Task instructions:
Give, as a bare number, the count of lines below that contain "system".

Collected data:
text \<open>The system is competitive: the growth rate of each species decreases with the density of the
  other. Differentiating along a solution, the velocity (u, v) = (x', y') obeys a linear system
  u' = al u - be v, v' = de v - ga u with be, ga \<ge> 0, for which the quadrants
  {u \<ge> 0 \<ge> v} and {u \<le> 0 \<le> v} are forward invariant. On a periodic orbit u vanishes
  somewhere by Rolle's theorem, so from that moment on (u, v) stays in one of these quadrants for a
  whole period; then x and y are monotone over a period, hence constant.\<close>

lemma has_real_derivative_min_zero_square:
  "((\<lambda>z::real. (min z 0)\<^sup>2) has_real_derivative 2 * min z 0) (at z)"
proof -
  consider "z < 0" | "z > 0" | "z = 0" by linarith
  then show ?thesis
  proof cases
    case 1
    have "((\<lambda>z::real. z\<^sup>2) has_real_derivative 2 * min z 0) (at z)"
      using 1 by (auto intro!: derivative_eq_intros)
    then show ?thesis
      by (rule has_field_derivative_transform_within_open[where S = "{..<0}"]) (use 1 in auto)
  next
    case 2
    have "((\<lambda>z::real. 0) has_real_derivative 2 * min z 0) (at z)"
      using 2 by (auto intro!: derivative_eq_intros)
    then show ?thesis
      by (rule has_field_derivative_transform_within_open[where S = "{0<..}"]) (use 2 in auto)
  next
    case 3
    have "((\<lambda>w::real. (min w 0)\<^sup>2 / w) \<longlongrightarrow> 0) (at 0)"
    proof (rule tendsto_sandwich[where f = "\<lambda>w. - \<bar>w\<bar>" and h = "\<lambda>w. \<bar>w\<bar>"])
      show "\<forall>\<^sub>F w in at 0. - \<bar>w\<bar> \<le> (min w 0)\<^sup>2 / (w::real)"
        and "\<forall>\<^sub>F w in at 0. (min w 0)\<^sup>2 / (w::real) \<le> \<bar>w\<bar>"
        by (auto simp: min_def power2_eq_square)
    qed (auto intro!: tendsto_eq_intros)
    then show ?thesis
      using 3 by (simp add: DERIV_def)
  qed
qed

lemma gronwall_vanishing:
  fixes E E' :: "real \<Rightarrow> real"
  assumes deriv: "\<And>s. a \<le> s \<Longrightarrow> s \<le> t \<Longrightarrow> (E has_real_derivative E' s) (at s)"
    and growth: "\<And>s. a \<le> s \<Longrightarrow> s \<le> t \<Longrightarrow> E' s \<le> K * E s"
    and nonneg: "0 \<le> E t"
    and start: "E a = 0" and "a \<le> t"
  shows "E t = 0"
proof -
  define F where "F s = E s * exp (- K * s)" for s
  have "F t \<le> F a"
  proof (rule DERIV_nonpos_imp_nonincreasing[OF \<open>a \<le> t\<close>])
    fix s assume s: "a \<le> s" "s \<le> t"
    have "(F has_real_derivative (E' s - K * E s) * exp (- K * s)) (at s)"
      unfolding F_def
      by (rule derivative_eq_intros deriv[OF s] refl)+ (simp add: algebra_simps)
    moreover have "(E' s - K * E s) * exp (- K * s) \<le> 0"
      using growth[OF s] by (simp add: mult_nonpos_nonneg)
    ultimately show "\<exists>y. DERIV F s :> y \<and> y \<le> 0" by blast
  qed
  then have "E t \<le> 0"
    using start by (simp add: F_def mult_le_0_iff)
  with nonneg show ?thesis by simp
qed

lemma neg_part_times_cooperative_le:
  fixes p q al be K :: real
  assumes "\<bar>al\<bar> \<le> K" "0 \<le> be" "be \<le> K"
  shows "2 * min p 0 * (al * p + be * q) \<le> 3 * K * ((min p 0)\<^sup>2 + (min q 0)\<^sup>2)"
proof -
  define P Q where "P = min p 0" and "Q = min q 0"
  have "2 * P * (al * p + be * q) = 2 * al * P\<^sup>2 + 2 * be * (P * q)"
    by (simp add: P_def min_def power2_eq_square algebra_simps)
  also have "\<dots> \<le> 2 * K * P\<^sup>2 + 2 * be * (P * Q)"
  proof (rule add_mono)
    show "2 * al * P\<^sup>2 \<le> 2 * K * P\<^sup>2"
      using assms(1) by (intro mult_right_mono) auto
    show "2 * be * (P * q) \<le> 2 * be * (P * Q)"
    proof -
      have "P * q \<le> P * Q"
        by (cases "q \<le> 0") (auto simp: P_def Q_def mult_nonpos_nonneg)
      then show ?thesis
        using assms(2) by (simp add: mult_left_mono)
    qed
  qed
  also have "\<dots> \<le> 2 * K * P\<^sup>2 + K * (P\<^sup>2 + Q\<^sup>2)"
  proof -
    have "2 * (P * Q) \<le> P\<^sup>2 + Q\<^sup>2"
      using sum_squares_bound[of P Q] by (simp add: power2_eq_square)
    then have "be * (2 * (P * Q)) \<le> K * (P\<^sup>2 + Q\<^sup>2)"
      using assms(2,3) by (meson mult_left_mono mult_right_mono sum_power2_ge_zero order_trans)
    then show ?thesis by simp
  qed
  also have "\<dots> \<le> 3 * K * (P\<^sup>2 + Q\<^sup>2)"
    using assms(1) by (simp add: algebra_simps)
  finally show ?thesis by (simp add: P_def Q_def)
qed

Worked solution:
2